Exercise details:
For the listing below, show each line that includes the string "lambda".

Data to process:
========

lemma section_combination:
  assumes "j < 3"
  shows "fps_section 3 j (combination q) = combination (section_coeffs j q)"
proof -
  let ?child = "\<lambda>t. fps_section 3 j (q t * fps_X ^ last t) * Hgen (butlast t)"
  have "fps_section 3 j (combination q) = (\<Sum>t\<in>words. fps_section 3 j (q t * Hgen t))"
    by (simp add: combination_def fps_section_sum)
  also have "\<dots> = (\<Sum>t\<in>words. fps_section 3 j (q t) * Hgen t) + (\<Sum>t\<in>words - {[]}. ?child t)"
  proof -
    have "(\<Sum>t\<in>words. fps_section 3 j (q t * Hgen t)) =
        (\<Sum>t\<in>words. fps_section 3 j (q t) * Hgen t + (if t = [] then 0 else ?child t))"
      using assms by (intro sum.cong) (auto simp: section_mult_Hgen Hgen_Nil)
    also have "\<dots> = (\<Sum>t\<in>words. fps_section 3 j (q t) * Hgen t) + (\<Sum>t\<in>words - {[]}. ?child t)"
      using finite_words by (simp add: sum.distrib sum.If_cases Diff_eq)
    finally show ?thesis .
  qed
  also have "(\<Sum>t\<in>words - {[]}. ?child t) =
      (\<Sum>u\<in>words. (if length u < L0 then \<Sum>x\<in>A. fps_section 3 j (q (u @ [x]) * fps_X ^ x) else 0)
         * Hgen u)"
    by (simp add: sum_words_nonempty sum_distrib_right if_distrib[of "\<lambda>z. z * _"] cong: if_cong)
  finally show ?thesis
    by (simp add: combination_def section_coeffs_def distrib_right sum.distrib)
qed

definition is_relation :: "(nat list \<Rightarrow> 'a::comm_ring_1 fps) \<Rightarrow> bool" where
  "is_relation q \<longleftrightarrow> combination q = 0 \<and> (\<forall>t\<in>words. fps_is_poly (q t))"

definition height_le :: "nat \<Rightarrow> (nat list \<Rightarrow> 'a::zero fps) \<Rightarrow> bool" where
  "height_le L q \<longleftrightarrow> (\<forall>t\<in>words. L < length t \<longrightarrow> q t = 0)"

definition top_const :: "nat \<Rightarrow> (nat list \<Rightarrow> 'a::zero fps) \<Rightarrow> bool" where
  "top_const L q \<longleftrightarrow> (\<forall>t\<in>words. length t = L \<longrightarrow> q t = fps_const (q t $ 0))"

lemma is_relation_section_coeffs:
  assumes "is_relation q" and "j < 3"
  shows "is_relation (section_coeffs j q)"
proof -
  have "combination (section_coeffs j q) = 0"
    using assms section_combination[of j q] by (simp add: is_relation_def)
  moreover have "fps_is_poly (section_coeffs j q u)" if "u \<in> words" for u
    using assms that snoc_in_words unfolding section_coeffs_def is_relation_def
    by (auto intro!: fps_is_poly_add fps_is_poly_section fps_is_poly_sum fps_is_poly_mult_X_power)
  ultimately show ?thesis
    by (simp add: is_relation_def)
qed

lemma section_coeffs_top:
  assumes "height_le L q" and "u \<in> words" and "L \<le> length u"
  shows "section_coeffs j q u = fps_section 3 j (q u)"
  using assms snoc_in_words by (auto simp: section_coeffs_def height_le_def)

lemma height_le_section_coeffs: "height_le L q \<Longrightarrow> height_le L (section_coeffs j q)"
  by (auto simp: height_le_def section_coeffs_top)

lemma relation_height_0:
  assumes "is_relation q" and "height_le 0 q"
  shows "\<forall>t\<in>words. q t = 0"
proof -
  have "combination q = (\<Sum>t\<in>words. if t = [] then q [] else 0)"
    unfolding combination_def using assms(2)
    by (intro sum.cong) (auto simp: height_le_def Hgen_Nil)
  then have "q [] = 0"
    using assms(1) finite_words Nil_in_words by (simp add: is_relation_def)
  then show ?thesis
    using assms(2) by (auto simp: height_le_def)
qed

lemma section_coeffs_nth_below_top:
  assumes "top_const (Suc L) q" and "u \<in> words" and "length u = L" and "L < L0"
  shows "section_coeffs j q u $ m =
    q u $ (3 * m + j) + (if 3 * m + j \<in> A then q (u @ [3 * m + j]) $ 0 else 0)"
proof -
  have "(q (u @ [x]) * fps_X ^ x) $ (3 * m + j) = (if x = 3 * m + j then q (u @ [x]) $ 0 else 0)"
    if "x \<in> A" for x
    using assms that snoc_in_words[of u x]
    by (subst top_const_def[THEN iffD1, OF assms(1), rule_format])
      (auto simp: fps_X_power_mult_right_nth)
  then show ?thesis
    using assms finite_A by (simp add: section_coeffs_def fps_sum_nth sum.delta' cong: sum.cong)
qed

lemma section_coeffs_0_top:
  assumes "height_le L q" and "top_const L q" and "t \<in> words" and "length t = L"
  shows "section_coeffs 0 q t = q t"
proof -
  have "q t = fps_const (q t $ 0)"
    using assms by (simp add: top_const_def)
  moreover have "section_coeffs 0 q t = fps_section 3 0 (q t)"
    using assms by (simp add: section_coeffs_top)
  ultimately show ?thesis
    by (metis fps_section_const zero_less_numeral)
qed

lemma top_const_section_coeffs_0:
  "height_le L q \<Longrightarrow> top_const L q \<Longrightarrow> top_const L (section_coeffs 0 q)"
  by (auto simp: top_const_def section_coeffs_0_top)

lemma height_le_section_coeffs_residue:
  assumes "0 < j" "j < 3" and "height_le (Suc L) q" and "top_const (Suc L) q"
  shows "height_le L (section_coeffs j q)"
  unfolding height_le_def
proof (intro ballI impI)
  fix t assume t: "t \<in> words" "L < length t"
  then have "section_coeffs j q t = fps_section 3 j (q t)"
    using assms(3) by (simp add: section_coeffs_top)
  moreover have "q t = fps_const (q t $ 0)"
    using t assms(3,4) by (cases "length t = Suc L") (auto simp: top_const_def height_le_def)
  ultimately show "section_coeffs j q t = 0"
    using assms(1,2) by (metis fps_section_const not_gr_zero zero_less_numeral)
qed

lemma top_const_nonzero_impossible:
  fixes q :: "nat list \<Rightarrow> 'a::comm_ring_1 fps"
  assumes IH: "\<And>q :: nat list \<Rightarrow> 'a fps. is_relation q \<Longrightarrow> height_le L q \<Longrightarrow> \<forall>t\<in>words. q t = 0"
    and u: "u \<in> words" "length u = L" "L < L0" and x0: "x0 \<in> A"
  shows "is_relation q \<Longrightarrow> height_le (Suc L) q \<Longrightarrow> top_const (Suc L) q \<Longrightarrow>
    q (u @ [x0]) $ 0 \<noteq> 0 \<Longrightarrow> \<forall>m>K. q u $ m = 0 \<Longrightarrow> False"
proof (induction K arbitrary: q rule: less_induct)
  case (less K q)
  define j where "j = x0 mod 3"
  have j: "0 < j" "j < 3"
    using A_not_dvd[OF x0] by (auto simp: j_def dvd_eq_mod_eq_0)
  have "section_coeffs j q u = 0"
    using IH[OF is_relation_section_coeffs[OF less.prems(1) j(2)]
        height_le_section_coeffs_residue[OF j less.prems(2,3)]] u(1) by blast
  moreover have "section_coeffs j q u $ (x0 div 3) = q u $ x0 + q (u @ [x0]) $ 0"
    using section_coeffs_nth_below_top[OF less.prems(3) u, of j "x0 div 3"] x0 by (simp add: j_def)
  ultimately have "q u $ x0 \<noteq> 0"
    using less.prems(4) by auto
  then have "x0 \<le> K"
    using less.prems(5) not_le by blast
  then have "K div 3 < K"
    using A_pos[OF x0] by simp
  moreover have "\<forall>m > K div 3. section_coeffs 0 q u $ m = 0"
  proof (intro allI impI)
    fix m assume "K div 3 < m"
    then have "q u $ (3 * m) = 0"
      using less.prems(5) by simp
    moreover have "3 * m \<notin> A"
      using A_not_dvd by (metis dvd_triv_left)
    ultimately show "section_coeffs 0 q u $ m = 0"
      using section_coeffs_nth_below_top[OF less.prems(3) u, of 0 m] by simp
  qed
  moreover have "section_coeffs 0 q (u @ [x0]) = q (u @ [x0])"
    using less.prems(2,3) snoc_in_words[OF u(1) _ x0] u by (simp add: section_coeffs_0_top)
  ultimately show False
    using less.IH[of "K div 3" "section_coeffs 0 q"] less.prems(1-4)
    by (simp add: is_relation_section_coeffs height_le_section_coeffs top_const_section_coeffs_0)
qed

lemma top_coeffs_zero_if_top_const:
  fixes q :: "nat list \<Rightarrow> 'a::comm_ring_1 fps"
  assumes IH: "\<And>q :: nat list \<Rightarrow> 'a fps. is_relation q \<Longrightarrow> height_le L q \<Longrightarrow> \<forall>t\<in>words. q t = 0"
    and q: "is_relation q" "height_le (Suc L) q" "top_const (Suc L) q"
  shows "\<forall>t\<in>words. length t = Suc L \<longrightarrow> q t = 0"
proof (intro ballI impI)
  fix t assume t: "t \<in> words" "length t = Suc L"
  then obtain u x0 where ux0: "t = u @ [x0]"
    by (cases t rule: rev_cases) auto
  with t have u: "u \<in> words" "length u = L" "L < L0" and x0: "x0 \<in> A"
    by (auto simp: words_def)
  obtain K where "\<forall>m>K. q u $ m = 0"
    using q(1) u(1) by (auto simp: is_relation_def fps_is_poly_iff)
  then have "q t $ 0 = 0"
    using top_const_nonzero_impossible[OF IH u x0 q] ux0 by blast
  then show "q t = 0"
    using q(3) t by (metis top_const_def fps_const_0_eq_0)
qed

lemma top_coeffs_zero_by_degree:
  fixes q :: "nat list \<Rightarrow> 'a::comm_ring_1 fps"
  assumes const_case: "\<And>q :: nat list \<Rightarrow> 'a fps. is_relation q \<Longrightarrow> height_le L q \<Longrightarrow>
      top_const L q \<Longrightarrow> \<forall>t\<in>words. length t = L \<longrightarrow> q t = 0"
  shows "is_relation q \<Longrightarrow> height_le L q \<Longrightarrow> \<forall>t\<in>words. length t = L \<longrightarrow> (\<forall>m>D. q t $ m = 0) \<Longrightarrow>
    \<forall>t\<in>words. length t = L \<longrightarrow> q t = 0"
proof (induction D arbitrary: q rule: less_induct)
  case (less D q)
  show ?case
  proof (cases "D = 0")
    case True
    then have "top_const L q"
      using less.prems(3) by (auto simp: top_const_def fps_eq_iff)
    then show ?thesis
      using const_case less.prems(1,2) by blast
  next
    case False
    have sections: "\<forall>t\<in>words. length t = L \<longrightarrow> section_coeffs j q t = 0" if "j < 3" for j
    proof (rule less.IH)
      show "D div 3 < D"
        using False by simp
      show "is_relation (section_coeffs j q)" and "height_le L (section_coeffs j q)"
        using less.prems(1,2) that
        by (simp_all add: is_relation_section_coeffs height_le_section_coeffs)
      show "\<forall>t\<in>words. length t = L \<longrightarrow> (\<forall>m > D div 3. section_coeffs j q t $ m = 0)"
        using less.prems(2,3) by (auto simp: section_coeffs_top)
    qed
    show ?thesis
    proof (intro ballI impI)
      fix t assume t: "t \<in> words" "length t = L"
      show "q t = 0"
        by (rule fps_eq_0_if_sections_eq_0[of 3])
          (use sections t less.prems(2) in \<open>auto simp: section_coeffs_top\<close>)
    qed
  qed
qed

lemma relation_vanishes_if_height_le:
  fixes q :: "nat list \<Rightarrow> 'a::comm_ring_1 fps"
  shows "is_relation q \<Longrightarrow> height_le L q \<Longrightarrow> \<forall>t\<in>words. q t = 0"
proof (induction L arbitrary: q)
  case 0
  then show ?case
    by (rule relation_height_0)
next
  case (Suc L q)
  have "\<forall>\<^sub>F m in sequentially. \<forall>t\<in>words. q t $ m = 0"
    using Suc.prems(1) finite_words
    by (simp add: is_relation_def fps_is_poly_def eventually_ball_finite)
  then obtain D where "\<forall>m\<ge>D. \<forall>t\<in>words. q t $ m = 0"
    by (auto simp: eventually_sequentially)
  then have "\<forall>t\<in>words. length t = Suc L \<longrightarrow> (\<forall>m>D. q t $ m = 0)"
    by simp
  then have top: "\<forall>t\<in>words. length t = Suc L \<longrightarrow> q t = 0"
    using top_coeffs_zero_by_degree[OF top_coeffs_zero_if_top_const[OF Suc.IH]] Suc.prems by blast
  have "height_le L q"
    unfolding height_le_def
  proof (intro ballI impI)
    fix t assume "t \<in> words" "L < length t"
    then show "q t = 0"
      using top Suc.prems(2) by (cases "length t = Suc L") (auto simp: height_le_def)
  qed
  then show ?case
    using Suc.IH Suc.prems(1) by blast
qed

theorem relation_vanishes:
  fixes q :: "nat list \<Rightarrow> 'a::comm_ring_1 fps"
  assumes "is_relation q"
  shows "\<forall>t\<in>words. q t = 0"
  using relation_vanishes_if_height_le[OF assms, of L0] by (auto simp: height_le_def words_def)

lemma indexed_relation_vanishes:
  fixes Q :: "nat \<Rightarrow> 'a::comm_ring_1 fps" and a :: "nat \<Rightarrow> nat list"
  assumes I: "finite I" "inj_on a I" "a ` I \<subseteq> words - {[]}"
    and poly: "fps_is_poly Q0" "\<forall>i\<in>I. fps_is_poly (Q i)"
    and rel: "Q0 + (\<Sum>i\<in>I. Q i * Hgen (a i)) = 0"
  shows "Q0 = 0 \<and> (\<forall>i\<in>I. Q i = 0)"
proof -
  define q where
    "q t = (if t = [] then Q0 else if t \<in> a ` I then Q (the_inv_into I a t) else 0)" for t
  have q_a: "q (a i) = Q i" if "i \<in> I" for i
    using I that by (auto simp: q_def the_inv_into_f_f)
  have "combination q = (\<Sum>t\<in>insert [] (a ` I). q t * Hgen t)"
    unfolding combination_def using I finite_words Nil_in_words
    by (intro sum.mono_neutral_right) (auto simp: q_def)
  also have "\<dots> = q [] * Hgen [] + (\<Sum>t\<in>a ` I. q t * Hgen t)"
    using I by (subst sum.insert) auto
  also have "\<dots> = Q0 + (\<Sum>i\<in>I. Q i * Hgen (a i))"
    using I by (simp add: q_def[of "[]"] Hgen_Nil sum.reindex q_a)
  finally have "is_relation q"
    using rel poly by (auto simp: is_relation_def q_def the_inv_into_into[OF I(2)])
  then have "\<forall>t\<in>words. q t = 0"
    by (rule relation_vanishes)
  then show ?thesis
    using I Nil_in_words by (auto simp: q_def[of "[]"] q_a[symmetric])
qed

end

========

Answer to this problem:
  let ?child = "\<lambda>t. fps_section 3 j (q t * fps_X ^ last t) * Hgen (butlast t)"
    by (simp add: sum_words_nonempty sum_distrib_right if_distrib[of "\<lambda>z. z * _"] cong: if_cong)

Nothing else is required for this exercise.